Task goal.
The expected answer is the data below, retyped exactly.

Exercise input.

==============================

lemma tile_covers_iff:
  assumes "linked K a b \<kappa>"
  shows "m - j * int M \<in> tile (\<kappa> j) \<longleftrightarrow> j = tile_index \<kappa> m"
proof -
  define q r where "q = m div M" and "r = m mod M"
  have r: "0 \<le> r" "r < int M"
    using M_ge_4 by (auto simp: r_def)
  have index: "tile_index \<kappa> m = (if r = 2 + int (a (\<kappa> q)) then q - 1 else q)"
    by (simp add: tile_index_def q_def r_def)
  have offsets: "m - q * int M = r" "m - (q - 1) * int M = int M + r"
    by (simp_all add: q_def r_def algebra_simps)
  have hole_filled: "b (\<kappa> (q - 1)) = a (\<kappa> q)"
    using assms unfolding linked_def by (metis diff_add_cancel)
  show ?thesis
  proof
    assume j: "m - j * int M \<in> tile (\<kappa> j)"
    have "m - j * int M = (q - j) * int M + r"
      by (simp add: q_def r_def algebra_simps)
    then have "q - j = 0 \<or> q - j = 1"
      using offset_within_two_blocks[OF r] tile_bounds[OF j] by metis
    then consider "j = q" | "j = q - 1"
      by fastforce
    then show "j = tile_index \<kappa> m"
    proof cases
      case 1
      then have "r \<noteq> 2 + int (a (\<kappa> q))"
        using j offsets(1) tile_low[OF r] by simp
      then show ?thesis
        using 1 index by simp
    next
      case 2
      then have "r = 2 + int (a (\<kappa> q))"
        using j offsets(2) tile_high[of "int M + r"] r hole_filled by simp
      then show ?thesis
        using 2 index by simp
    qed
  next
    assume "j = tile_index \<kappa> m"
    then show "m - j * int M \<in> tile (\<kappa> j)"
      by (cases "r = 2 + int (a (\<kappa> q))") (simp_all add: index offsets tile_low[OF r] tile_high hole_filled)
  qed
qed

lemma tiling_point_in_tiling_points:
  assumes "linked K a b \<kappa>"
  shows "(\<lambda>n. tiling_point \<kappa> (n + c)) \<in> tiling_points K tile"
proof (rule tiling_pointsI[of "range (\<lambda>j. (j * int M - c, \<kappa> j))"])
  have covers_iff: "n - (j * int M - c) \<in> tile (\<kappa> j) \<longleftrightarrow> j = tile_index \<kappa> (n + c)" for n j
    using tile_covers_iff[OF assms, of "n + c" j] by (simp add: algebra_simps)
  show "\<exists>t k. (t, k) \<in> range (\<lambda>j. (j * int M - c, \<kappa> j)) \<and> i - t \<in> tile k" for i
    using covers_iff by blast
  show "(t, k) = (t', k')"
    if "(t, k) \<in> range (\<lambda>j. (j * int M - c, \<kappa> j))" "(t', k') \<in> range (\<lambda>j. (j * int M - c, \<kappa> j))"
      "i - t \<in> tile k" "i - t' \<in> tile k'" for i t k t' k'
    using that covers_iff by auto
  show "tiling_point \<kappa> (i + c) = k"
    if "(t, k) \<in> range (\<lambda>j. (j * int M - c, \<kappa> j))" "i - t \<in> tile k" for i t k
    using that covers_iff by (auto simp: tiling_point_def)
qed (use assms in \<open>auto simp: linked_def\<close>)

lemma tiling_point_block: "tiling_point \<kappa> (j * int M) = \<kappa> j"
  using M_ge_4 by (simp add: tiling_point_def tile_index_def)

lemma inj_tiling_point: "inj tiling_point"
proof (rule injI, rule ext)
  fix \<kappa> \<kappa>' j
  assume "tiling_point \<kappa> = tiling_point \<kappa>'"
  then show "\<kappa> j = \<kappa>' j"
    using tiling_point_block by metis
qed

lemma tile_index_add_block: "tile_index \<kappa> (m + int M) = tile_index (shift \<kappa>) m + 1"
proof -
  have "(m + int M) div int M = m div int M + 1" "(m + int M) mod int M = m mod int M"
    using M_ge_4 by simp_all
  then show ?thesis
    by (simp add: tile_index_def shift_def)
qed

lemma tiling_point_shift: "tiling_point (shift \<kappa>) = (shift ^^ M) (tiling_point \<kappa>)"
proof
  fix m
  have "tiling_point \<kappa> (m + int M) = shift \<kappa> (tile_index (shift \<kappa>) m)"
    by (simp add: tiling_point_def tile_index_add_block shift_def)
  then show "tiling_point (shift \<kappa>) m = (shift ^^ M) (tiling_point \<kappa>) m"
    by (simp add: funpow_shift tiling_point_def)
qed

lemma continuous_map_tiling_point: "continuous_map shift_top shift_top tiling_point"
proof (rule continuous_map_shift_top_local)
  fix m
  show "\<exists>D. finite D \<and> (\<forall>\<kappa> \<kappa>'. (\<forall>d\<in>D. \<kappa>' d = \<kappa> d) \<longrightarrow> tiling_point \<kappa>' m = tiling_point \<kappa> m)"
    by (intro exI[of _ "{m div int M - 1, m div int M}"]) (simp add: tiling_point_def tile_index_def)
qed

end

locale hole_peg_tiling = hole_peg_tiles +
  fixes J :: "(int \<times> nat) set" and y :: "int \<Rightarrow> nat"
  assumes tile_labels: "\<And>t k. (t, k) \<in> J \<Longrightarrow> k \<in> {1..K}"
    and tiles_cover: "\<And>i. \<exists>t k. (t, k) \<in> J \<and> i - t \<in> tile k"
    and tiles_disjoint: "\<And>i t k t' k'. (t, k) \<in> J \<Longrightarrow> (t', k') \<in> J \<Longrightarrow>
          i - t \<in> tile k \<Longrightarrow> i - t' \<in> tile k' \<Longrightarrow> (t, k) = (t', k')"
    and tile_point: "\<And>i t k. (t, k) \<in> J \<Longrightarrow> i - t \<in> tile k \<Longrightarrow> y i = k"
begin

lemma tile_starts_apart:
  assumes "(t, k) \<in> J" "(s, k') \<in> J" "t < s" "s < t + int M"
  shows False
proof (cases "s - t = 2 + int (a k)")
  case True
  then have "s + 1 - t \<in> tile k" "s + 1 - s \<in> tile k'"
    using tile_low[of "s + 1 - t" k] hole_bound[of k] one_in_tile by simp_all
  then show False
    using tiles_disjoint[OF assms(1,2)] assms(3) by blast
next
  case False
  then have "s - t \<in> tile k" "s - s \<in> tile k'"
    using tile_low assms(3,4) zero_in_tile by simp_all
  then show False
    using tiles_disjoint[OF assms(1,2)] assms(3) by blast
qed

lemma next_tile:
  assumes "(t, k) \<in> J"
  obtains k' where "(t + int M, k') \<in> J"
proof -
  obtain s k'' where s: "(s, k'') \<in> J" "t + int M - s \<in> tile k''"
    using tiles_cover by blast
  consider "s = t + int M" | "s = t" | "t < s \<and> s < t + int M" | "s < t"
    using tile_bounds[OF s(2)] by linarith
  then show ?thesis
  proof cases
    case 1
    then show ?thesis using s(1) that by blast
  next
    case 2
    then show ?thesis using s(2) tile_high[of "int M" k''] by simp
  next
    case 3
    then show ?thesis using tile_starts_apart[OF assms s(1)] by blast
  next
    case 4
    then have "t - s = 2 + int (b k'')"
      using s(2) tile_high[of "t + int M - s" k''] by simp
    then show ?thesis
      using tile_starts_apart[OF s(1) assms] 4 peg_bound[of k''] by simp
  qed
qed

==============================

Answer to this problem.
lemma tile_covers_iff:
  assumes "linked K a b \<kappa>"
  shows "m - j * int M \<in> tile (\<kappa> j) \<longleftrightarrow> j = tile_index \<kappa> m"
proof -
  define q r where "q = m div M" and "r = m mod M"
  have r: "0 \<le> r" "r < int M"
    using M_ge_4 by (auto simp: r_def)
  have index: "tile_index \<kappa> m = (if r = 2 + int (a (\<kappa> q)) then q - 1 else q)"
    by (simp add: tile_index_def q_def r_def)
  have offsets: "m - q * int M = r" "m - (q - 1) * int M = int M + r"
    by (simp_all add: q_def r_def algebra_simps)
  have hole_filled: "b (\<kappa> (q - 1)) = a (\<kappa> q)"
    using assms unfolding linked_def by (metis diff_add_cancel)
  show ?thesis
  proof
    assume j: "m - j * int M \<in> tile (\<kappa> j)"
    have "m - j * int M = (q - j) * int M + r"
      by (simp add: q_def r_def algebra_simps)
    then have "q - j = 0 \<or> q - j = 1"
      using offset_within_two_blocks[OF r] tile_bounds[OF j] by metis
    then consider "j = q" | "j = q - 1"
      by fastforce
    then show "j = tile_index \<kappa> m"
    proof cases
      case 1
      then have "r \<noteq> 2 + int (a (\<kappa> q))"
        using j offsets(1) tile_low[OF r] by simp
      then show ?thesis
        using 1 index by simp
    next
      case 2
      then have "r = 2 + int (a (\<kappa> q))"
        using j offsets(2) tile_high[of "int M + r"] r hole_filled by simp
      then show ?thesis
        using 2 index by simp
    qed
  next
    assume "j = tile_index \<kappa> m"
    then show "m - j * int M \<in> tile (\<kappa> j)"
      by (cases "r = 2 + int (a (\<kappa> q))") (simp_all add: index offsets tile_low[OF r] tile_high hole_filled)
  qed
qed

lemma tiling_point_in_tiling_points:
  assumes "linked K a b \<kappa>"
  shows "(\<lambda>n. tiling_point \<kappa> (n + c)) \<in> tiling_points K tile"
proof (rule tiling_pointsI[of "range (\<lambda>j. (j * int M - c, \<kappa> j))"])
  have covers_iff: "n - (j * int M - c) \<in> tile (\<kappa> j) \<longleftrightarrow> j = tile_index \<kappa> (n + c)" for n j
    using tile_covers_iff[OF assms, of "n + c" j] by (simp add: algebra_simps)
  show "\<exists>t k. (t, k) \<in> range (\<lambda>j. (j * int M - c, \<kappa> j)) \<and> i - t \<in> tile k" for i
    using covers_iff by blast
  show "(t, k) = (t', k')"
    if "(t, k) \<in> range (\<lambda>j. (j * int M - c, \<kappa> j))" "(t', k') \<in> range (\<lambda>j. (j * int M - c, \<kappa> j))"
      "i - t \<in> tile k" "i - t' \<in> tile k'" for i t k t' k'
    using that covers_iff by auto
  show "tiling_point \<kappa> (i + c) = k"
    if "(t, k) \<in> range (\<lambda>j. (j * int M - c, \<kappa> j))" "i - t \<in> tile k" for i t k
    using that covers_iff by (auto simp: tiling_point_def)
qed (use assms in \<open>auto simp: linked_def\<close>)

lemma tiling_point_block: "tiling_point \<kappa> (j * int M) = \<kappa> j"
  using M_ge_4 by (simp add: tiling_point_def tile_index_def)

lemma inj_tiling_point: "inj tiling_point"
proof (rule injI, rule ext)
  fix \<kappa> \<kappa>' j
  assume "tiling_point \<kappa> = tiling_point \<kappa>'"
  then show "\<kappa> j = \<kappa>' j"
    using tiling_point_block by metis
qed

lemma tile_index_add_block: "tile_index \<kappa> (m + int M) = tile_index (shift \<kappa>) m + 1"
proof -
  have "(m + int M) div int M = m div int M + 1" "(m + int M) mod int M = m mod int M"
    using M_ge_4 by simp_all
  then show ?thesis
    by (simp add: tile_index_def shift_def)
qed

lemma tiling_point_shift: "tiling_point (shift \<kappa>) = (shift ^^ M) (tiling_point \<kappa>)"
proof
  fix m
  have "tiling_point \<kappa> (m + int M) = shift \<kappa> (tile_index (shift \<kappa>) m)"
    by (simp add: tiling_point_def tile_index_add_block shift_def)
  then show "tiling_point (shift \<kappa>) m = (shift ^^ M) (tiling_point \<kappa>) m"
    by (simp add: funpow_shift tiling_point_def)
qed

lemma continuous_map_tiling_point: "continuous_map shift_top shift_top tiling_point"
proof (rule continuous_map_shift_top_local)
  fix m
  show "\<exists>D. finite D \<and> (\<forall>\<kappa> \<kappa>'. (\<forall>d\<in>D. \<kappa>' d = \<kappa> d) \<longrightarrow> tiling_point \<kappa>' m = tiling_point \<kappa> m)"
    by (intro exI[of _ "{m div int M - 1, m div int M}"]) (simp add: tiling_point_def tile_index_def)
qed

end

locale hole_peg_tiling = hole_peg_tiles +
  fixes J :: "(int \<times> nat) set" and y :: "int \<Rightarrow> nat"
  assumes tile_labels: "\<And>t k. (t, k) \<in> J \<Longrightarrow> k \<in> {1..K}"
    and tiles_cover: "\<And>i. \<exists>t k. (t, k) \<in> J \<and> i - t \<in> tile k"
    and tiles_disjoint: "\<And>i t k t' k'. (t, k) \<in> J \<Longrightarrow> (t', k') \<in> J \<Longrightarrow>
          i - t \<in> tile k \<Longrightarrow> i - t' \<in> tile k' \<Longrightarrow> (t, k) = (t', k')"
    and tile_point: "\<And>i t k. (t, k) \<in> J \<Longrightarrow> i - t \<in> tile k \<Longrightarrow> y i = k"
begin

lemma tile_starts_apart:
  assumes "(t, k) \<in> J" "(s, k') \<in> J" "t < s" "s < t + int M"
  shows False
proof (cases "s - t = 2 + int (a k)")
  case True
  then have "s + 1 - t \<in> tile k" "s + 1 - s \<in> tile k'"
    using tile_low[of "s + 1 - t" k] hole_bound[of k] one_in_tile by simp_all
  then show False
    using tiles_disjoint[OF assms(1,2)] assms(3) by blast
next
  case False
  then have "s - t \<in> tile k" "s - s \<in> tile k'"
    using tile_low assms(3,4) zero_in_tile by simp_all
  then show False
    using tiles_disjoint[OF assms(1,2)] assms(3) by blast
qed

lemma next_tile:
  assumes "(t, k) \<in> J"
  obtains k' where "(t + int M, k') \<in> J"
proof -
  obtain s k'' where s: "(s, k'') \<in> J" "t + int M - s \<in> tile k''"
    using tiles_cover by blast
  consider "s = t + int M" | "s = t" | "t < s \<and> s < t + int M" | "s < t"
    using tile_bounds[OF s(2)] by linarith
  then show ?thesis
  proof cases
    case 1
    then show ?thesis using s(1) that by blast
  next
    case 2
    then show ?thesis using s(2) tile_high[of "int M" k''] by simp
  next
    case 3
    then show ?thesis using tile_starts_apart[OF assms s(1)] by blast
  next
    case 4
    then have "t - s = 2 + int (b k'')"
      using s(2) tile_high[of "t + int M - s" k''] by simp
    then show ?thesis
      using tile_starts_apart[OF s(1) assms] 4 peg_bound[of k''] by simp
  qed
qed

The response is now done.